8See,12 O.S. 1991 Okla.Sup.Ct.R. 1.178(a)(3). In Bi-Lo Food Warehouse v. McCause, 1992 CIV APP OK, 836 P.2d 689, the Court of Civil Appeals affirmed the trial court's admission of an untimely medical report. Subsequently, in at least four non-published opinions, the Court of Civil Appeals has espoused differing views on how to treat untimely filed medical reports. In Redshirt v. Express Personnel, No. 90,335, promulgated April 10, 1998, an untimely medical report was allowed into evidence without a specific finding of good cause because the trial judge offered the claimant the opportunity to depose the doctor and offered to continue the proceeding. In Bodien v. Goldies, No. 90,127 promulgated March 3, 1998, an untimely medical report was allowed into evidence because the record revealed that there was no surprise or trickery and the trial judge was willing to allow the claimant the full twenty days to access the medical report and depose the witness, but the claimant declined. However, in Hughes v. Cole, No. 88, 973, promulgated June 17, 1997, and Bolding v. Homeland, No. 90,347, promulgated May 5, 1998, the Courts of Civil Appeals both followed the general rule that Rule 19 was mandatory and unambiguous and without conducting a hearing and making an express finding to depart from the rule, untimely filed medical reports would not be admitted into evidence.

9LaBarge v. Zebco, 1988 OK 147, ¶7, 769 P.2d 125, 128; Perlinger v. J.C. Rogers Constr. Co., 1988 OK 33, ¶7, 753 P.2d 905, 907.

10But see, Yuba Heat Fransfer v. Wilson, 1977 OK 251, ¶14, 565 P.2d 674, 676, in which, prior to our decision in Gaines, we held that a trial court did not abuse its discretion and properly excluded medical reports on the ground that they were not timely filed with the court.

11See, 85 O.S. Supp. 1990, Ch. 4, App. Rule 19.

12Title 85 O.S. 1991 Ch.4, App. Rule 19, see note 2, supra.

13Although the claimant made no argument at trial that she would be prejudiced by admitting the medical report, see footnote 3, supra, she relies on Howland v. Douglas Aircraft Co., 1968 OK 9, 438 P.2d 5 in support of her argument on appeal that admitting the medical report under the facts presented would be prejudicial error. We find that Howland is distinguishable from the present case on its facts. In Howland, the report was filed on the same day that the trial judge entered an order denying compensation.

14Ed Wright Constr. Co. v. McKey, note 7, supra.

15Title 85 O.S. 1991 Ch.4, App. Rule 19, see note 2, supra.

[995 P.2d 1077]
OPALA, J., with whom LAVENDER, J., joins, dissenting.

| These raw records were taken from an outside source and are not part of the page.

(* Let $\alpha,\beta,\gamma\in\Bbbk^n$ with $\beta_i\neq0$ for all $i\in Q_0$. Then $\mathcal H(\alpha,\beta,\gamma)$ is a piecewise domain with respect to the idempotents $e_0,\dots,e_{n-1}$.
   Context: $\Bbbk$ is an algebraically closed field of characteristic zero. Fix $n\ge1$; indices mod $n$, $Q_0=\{0,\dots,n-1\}$. $Q$ is the quiver with vertices $Q_0$ and arrows $u_i:i\to i+1$, $d_i:i+1\to i$; paths are written left to right, $e_i$ is the trivial path at $i$. For $\alpha,\beta,\gamma\in\Bbbk^n$, $\mathcal H(\alpha,\beta,\gamma)$ is $\Bbbk Q$ modulo the relations $d_{i-1}u_{i-1}u_i=\alpha_iu_id_iu_i+\beta_iu_iu_{i+1}d_{i+1}+\gamma_iu_i$ and $d_id_{i-1}u_{i-1}=\alpha_id_iu_id_i+\beta_iu_{i+1}d_{i+1}d_i+\gamma_id_i$ for all $i\in Q_0$. A ring $S$ with complete set of orthogonal idempotents $e_0,\dots,e_{n-1}$ is a piecewise domain if $ab=0$ implies $a=0$ or $b=0$ whenever $a\in e_iSe_k$, $b\in e_kSe_j$. *)

theory Defs
  imports "HOL-Computational_Algebra.Polynomial"
begin

text \<open>The quiver Q: vertices 0..n-1, arrows U i : i -> i+1, D i : i+1 -> i (indices mod n).\<close>
datatype arr = U nat | D nat

fun arr_idx :: "arr \<Rightarrow> nat" where
  "arr_idx (U i) = i" | "arr_idx (D i) = i"

fun arr_src :: "nat \<Rightarrow> arr \<Rightarrow> nat" where
  "arr_src n (U i) = i" | "arr_src n (D i) = (i + 1) mod n"

fun arr_tgt :: "nat \<Rightarrow> arr \<Rightarrow> nat" where
  "arr_tgt n (U i) = (i + 1) mod n" | "arr_tgt n (D i) = i"

text \<open>A path is a start vertex with a list of arrows, composed left to right;
  (v, []) is the trivial path e_v.\<close>
type_synonym path = "nat \<times> arr list"

fun valid_from :: "nat \<Rightarrow> nat \<Rightarrow> arr list \<Rightarrow> bool" where
  "valid_from n v [] = True"
| "valid_from n v (a # as) = (arr_idx a < n \<and> arr_src n a = v \<and> valid_from n (arr_tgt n a) as)"

fun path_tgt :: "nat \<Rightarrow> nat \<Rightarrow> arr list \<Rightarrow> nat" where
  "path_tgt n v [] = v"
| "path_tgt n v (a # as) = path_tgt n (arr_tgt n a) as"

definition path_ok :: "nat \<Rightarrow> path \<Rightarrow> bool" where
  "path_ok n p = (fst p < n \<and> valid_from n (fst p) (snd p))"

definition pathalg :: "nat \<Rightarrow> (path \<Rightarrow> 'k::field) set" where
  "pathalg n = {x. finite {p. x p \<noteq> 0} \<and> (\<forall>p. x p \<noteq> 0 \<longrightarrow> path_ok n p)}"

definition pth :: "path \<Rightarrow> path \<Rightarrow> 'k::field" where
  "pth p = (\<lambda>q. if q = p then 1 else 0)"

text \<open>Multiplication in kQ (concatenation of paths, zero if not composable).\<close>
definition pmult :: "nat \<Rightarrow> (path \<Rightarrow> 'k::field) \<Rightarrow> (path \<Rightarrow> 'k) \<Rightarrow> path \<Rightarrow> 'k" where
  "pmult n x y = (\<lambda>(v, cs). \<Sum>k\<in>{0..length cs}.
      x (v, take k cs) * y (path_tgt n v (take k cs), drop k cs))"

definition mdec :: "nat \<Rightarrow> nat \<Rightarrow> nat" where "mdec n i = (i + n - 1) mod n"
definition minc :: "nat \<Rightarrow> nat \<Rightarrow> nat" where "minc n i = (i + 1) mod n"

¶1 The court rewards today an employer who belatedly tendered a facially deficient medical report by rejecting the claimant's timely probative-value objection for failure of that in-court challenge to meet a new standard of specificity one tougher than that fashioned in Gaines.

I
THE ANATOMY OF LITIGATION

¶ 2 At the hearing below claimant objected in two respects to the probative value of the employer's medical evaluation by uttering these words: "Dr. Farrar [employer's medical expert] did not find permanent impairment as a result of a surgically treated disc lesion, nor did he provide for any impairment as a result of motor weakness into the left lower extremity.[emphasis supplied]"3 Claimant also challenged the medical report for being untimely. The trial tribunal immediately disposed of the objections stating: "I'm going to overrule your probative value objection. I'm also going to overrule your Rule 19 objection."4 Without interruption, the judge and claimant discussed the Perlinger "jackpot rule"5 banished by the Gaines6 decision as it would affect the claimant's timeliness objection. The judge then assured claimant that a sufficient record had been made of her objections.7 The Court of Civil Appeals vacated the trial judge's award, ruling that the claimant's timeliness objection should have been sustained.

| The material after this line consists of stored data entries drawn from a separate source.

text \<open>The part of the spectrum of H_gamma consisting of energies E = k^2 with
k > 0 and sin(k b) /= 0, as given by the characterization in the context.
It agrees with the full spectrum on every neighbourhood avoiding energies
E <= 0 and E = (m pi / b)^2.\<close>
definition lattice_spec :: "real \<Rightarrow> real \<Rightarrow> real \<Rightarrow> real set" where
  "lattice_spec a b \<gamma> =
     {E. \<exists>k>0. E = k\<^sup>2 \<and> sin (k * b) \<noteq> 0 \<and> lattice_band_cond a b \<gamma> k}"

end

theory Submission
  imports Defs
begin

text \<open>At \<open>k\<^sub>n = \<pi> n / a\<close> we have \<open>sin (k\<^sub>n a) = 0\<close>, so the band condition holds with
  equality; the point is that it survives on a neighbourhood of \<open>k\<^sub>n\<close>.
  Put \<open>F k = \<gamma> sin (k b) / (2 k) + cos (k b)\<close>. For \<open>\<gamma> = \<gamma>\<^sub>n\<^sup>+\<close> (resp. \<open>\<gamma>\<^sub>n\<^sup>-\<close>) one has
  \<open>F k = \<epsilon> + \<beta> k * sin (k b)\<close> with \<open>\<epsilon> = 1\<close>, \<open>\<beta> k = \<gamma> / (2 k) - tan (k b / 2)\<close>
  (resp. \<open>\<epsilon> = -1\<close>, \<open>\<beta> k = \<gamma> / (2 k) + cot (k b / 2)\<close>) and \<open>\<beta> k\<^sub>n = 0\<close>.
  With \<open>p = a (k - k\<^sub>n)\<close> the band condition then reduces, by the triangle inequality, to
  \<open>\<bar>cos p + \<beta> k sin p\<bar> \<le> 1\<close>, and since \<open>1 - cos p - \<beta> sin p = sin p (tan (p/2) - \<beta>)\<close>
  this holds near \<open>k\<^sub>n\<close> as soon as \<open>tan (a (k - k\<^sub>n) / 2) - \<beta> k\<close> has a positive
  derivative at \<open>k\<^sub>n\<close>, i.e. \<open>\<beta>' k\<^sub>n < a / 2\<close>. For both couplings
  \<open>\<beta>' k\<^sub>n = -(X \<pm> sin X cos X) / (k\<^sub>n c\<^sup>2)\<close> with \<open>X = k\<^sub>n b / 2\<close> and \<open>c = cos X\<close>
  resp. \<open>sin X\<close>, which is \<open>\<le> 0\<close> because \<open>\<bar>sin X cos X\<bar> \<le> X\<close>.\<close>

lemma sin_half_cos_half_nonzero:
  fixes x :: real
  assumes "sin x \<noteq> 0"
  shows "sin (x / 2) \<noteq> 0" and "cos (x / 2) \<noteq> 0"
  using assms sin_double[of "x / 2"] by auto

lemma tan_half_mult_sin:
  fixes x :: real
  assumes "cos (x / 2) \<noteq> 0"
  shows "tan (x / 2) * sin x = 1 - cos x"
  using assms sin_double[of "x / 2"] cos_double_sin[of "x / 2"]
  by (simp add: tan_def power2_eq_square field_simps)

lemma cot_half_mult_sin:
  fixes x :: real
  assumes "sin (x / 2) \<noteq> 0"
  shows "cot (x / 2) * sin x = 1 + cos x"
  using assms sin_double[of "x / 2"] cos_double_cos[of "x / 2"]
  by (simp add: cot_def power2_eq_square field_simps)

lemma abs_sin_mult_cos_le:
  fixes x :: real
  assumes "0 \<le> x"
  shows "\<bar>sin x * cos x\<bar> \<le> x"
proof -
  have "\<bar>sin x * cos x\<bar> \<le> \<bar>sin x\<bar>"
    by (simp add: abs_mult mult_left_le)
  also have "\<dots> \<le> x"
    using abs_sin_x_le_abs_x[of x] assms by simp
  finally show ?thesis .
qed

lemma cos_add_mult_sin_le_one:
  fixes p \<beta> :: real
  assumes "\<bar>p\<bar> < pi" and "0 \<le> p * (tan (p / 2) - \<beta>)"
  shows "cos p + \<beta> * sin p \<le> 1"
proof -
  have "cos (p / 2) \<noteq> 0"
    using assms(1) by (intro cos_gt_zero_pi[THEN less_imp_neq, symmetric]) auto
  then have gap: "1 - (cos p + \<beta> * sin p) = sin p * (tan (p / 2) - \<beta>)"
    using tan_half_mult_sin[of p] by (simp add: algebra_simps)
  have "0 \<le> sin p * (tan (p / 2) - \<beta>)"
  proof (cases "0 \<le> p")
    case True
    then have "0 \<le> sin p" using assms(1) by (intro sin_ge_zero) auto
    moreover have "p = 0 \<or> 0 \<le> tan (p / 2) - \<beta>"
      using True assms(2) by (auto simp: zero_le_mult_iff)
    ultimately show ?thesis by auto
  next
    case False
    then have "sin p \<le> 0" using assms(1) sin_ge_zero[of "- p"] by auto
    moreover have "tan (p / 2) - \<beta> \<le> 0"
      using False assms(2) by (auto simp: zero_le_mult_iff)
    ultimately show ?thesis by (simp add: mult_nonpos_nonpos)
  qed
  then show ?thesis using gap by linarith
qed

lemma eventually_nhds_deriv_pos_sign:
  fixes f :: "real \<Rightarrow> real"
  assumes "(f has_real_derivative l) (at x)" and "0 < l"
  shows "\<forall>\<^sub>F y in nhds x. 0 \<le> (y - x) * (f y - f x)"
proof -
  obtain d1 where "0 < d1" and right: "\<And>h. 0 < h \<Longrightarrow> h < d1 \<Longrightarrow> f x < f (x + h)"
    using DERIV_pos_inc_right[OF assms] by blast
  obtain d2 where "0 < d2" and left: "\<And>h. 0 < h \<Longrightarrow> h < d2 \<Longrightarrow> f (x - h) < f x"
    using DERIV_pos_inc_left[OF assms] by blast
  show ?thesis
    unfolding eventually_nhds_metric
  proof (intro exI conjI allI impI)
    show "0 < min d1 d2" using \<open>0 < d1\<close> \<open>0 < d2\<close> by simp
  next
    fix y assume "dist y x < min d1 d2"
    then show "0 \<le> (y - x) * (f y - f x)"
      using right[of "y - x"] left[of "x - y"]
      by (cases rule: linorder_cases[of x y]) (auto simp: dist_real_def zero_le_mult_iff)
  qed
qed

lemma lattice_band_condI:
  fixes a b \<gamma> k kn \<epsilon> \<beta> :: real
  assumes "k \<noteq> 0" and "sin (k * b) \<noteq> 0" and "sin (kn * a) = 0"
    and split: "\<gamma> / (2 * k) * sin (k * b) + cos (k * b) = \<epsilon> + \<beta> * sin (k * b)"
    and "\<bar>\<epsilon>\<bar> \<le> 1"
    and bound: "\<bar>cos (a * (k - kn)) + \<beta> * sin (a * (k - kn))\<bar> \<le> 1"
  shows "lattice_band_cond a b \<gamma> k"
proof -
  define p where "p = a * (k - kn)"
  define \<sigma> where "\<sigma> = cos (kn * a)"
  define S where "S = sin (k * b)"
  define w where "w = cos p + \<beta> * sin p"
  have "\<bar>\<sigma>\<bar> = 1"
    using assms(3) sin_cos_squared_add[of "kn * a"] by (simp add: \<sigma>_def abs_square_eq_1)
  have ka: "k * a = kn * a + p" by (simp add: p_def algebra_simps)
  have sin_ka: "sin (k * a) = \<sigma> * sin p" and cos_ka: "cos (k * a) = \<sigma> * cos p"
    unfolding ka sin_add cos_add using assms(3) by (simp_all add: \<sigma>_def)
  have "\<gamma> * sin (k * a) / (2 * k) + sin (k * (a + b)) / sin (k * b)
      = \<sigma> * (sin p * (\<gamma> / (2 * k) * S + cos (k * b)) + cos p * S) / S"
    using assms(1,2) unfolding distrib_left sin_add sin_ka cos_ka S_def
    by (simp add: field_simps)
  also have "\<dots> = \<sigma> * (\<epsilon> * sin p + w * S) / S"
    unfolding split S_def w_def by (simp add: algebra_simps)
  finally have lhs: "\<bar>\<gamma> * sin (k * a) / (2 * k) + sin (k * (a + b)) / sin (k * b)\<bar>
      = \<bar>\<epsilon> * sin p + w * S\<bar> / \<bar>S\<bar>"
    using \<open>\<bar>\<sigma>\<bar> = 1\<close> by (simp add: abs_mult)
  have "\<bar>\<epsilon> * sin p + w * S\<bar> \<le> \<bar>sin p\<bar> + \<bar>S\<bar>"
    using assms(5) bound unfolding w_def p_def[symmetric]
    by (intro abs_triangle_ineq[THEN order_trans] add_mono)
       (auto simp: abs_mult mult_left_le_one_le mult_left_le)
  moreover have "1 + \<bar>sin (k * a) / sin (k * b)\<bar> = (\<bar>sin p\<bar> + \<bar>S\<bar>) / \<bar>S\<bar>"
    using assms(2) \<open>\<bar>\<sigma>\<bar> = 1\<close> unfolding sin_ka S_def by (simp add: abs_mult field_simps)
  ultimately show ?thesis
    unfolding lattice_band_cond_def lhs by (simp add: divide_right_mono)
qed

¶3 This court's opinion on certiorari sustains the trial tribunal's award. It holds firstly that a tardily proffered medical report may be admitted in the exercise of the court's discretion. Secondly, in a brief footnote the court rejects the probative-value challenge based on its view that claimant had failed to preserve the evidentiary issue by a timely objection that meets the law's standard of specificity.

II
CLAIMANT DID PRESERVE FOR CORRECTIVE RELIEF
THE TRIAL TRIBUNAL'S DENIAL OF HER TIMELY
PROBATIVE-VALUE OBJECTION

¶4 Advanced at the hearing, claimant's objection focused on two specific legal [995 P.2d 1078] deficiencies in the respondent's medical report: the physician's failure to rate her impairment from (a) a surgically treated disc lesion, and (b) from motor weakness into the lower left extremity. The trial tribunal immediately ruled on the objection and foreclosed further discussion, giving no indication that there might have been a misunderstanding as to the essence of claimant's challenge. Claimant's argument before the Court of Civil Appeals was modeled after the probative-value objection earlier interposed before the tribunal and merely advanced the chronology of medical treatment and surgical procedures claimant had undergone.

III
THE LAW THAT GOVERNS THE SUFFICIENCY
OF PROBATIVE-VALUE OBJECTIONS

¶5 Gaines established the rule that an objection to a medical report must be made in specific terms.

¶6 Today's analysis utterly ignores the obvious legal verity -- there is a limit to the Gaines-mandated specificity. Gaines yields its mandate through the text's examples. The objecting party must bring the defect to the trial tribunal's attention with a degree of specificity that would allow the challenged deficiency to be assessed and the trial tribunal to craft a remedy (if possible).

¶7 The law's requirement that there be both clarity and brevity in evidentiary objections is not unique to the compensation jurisprudence.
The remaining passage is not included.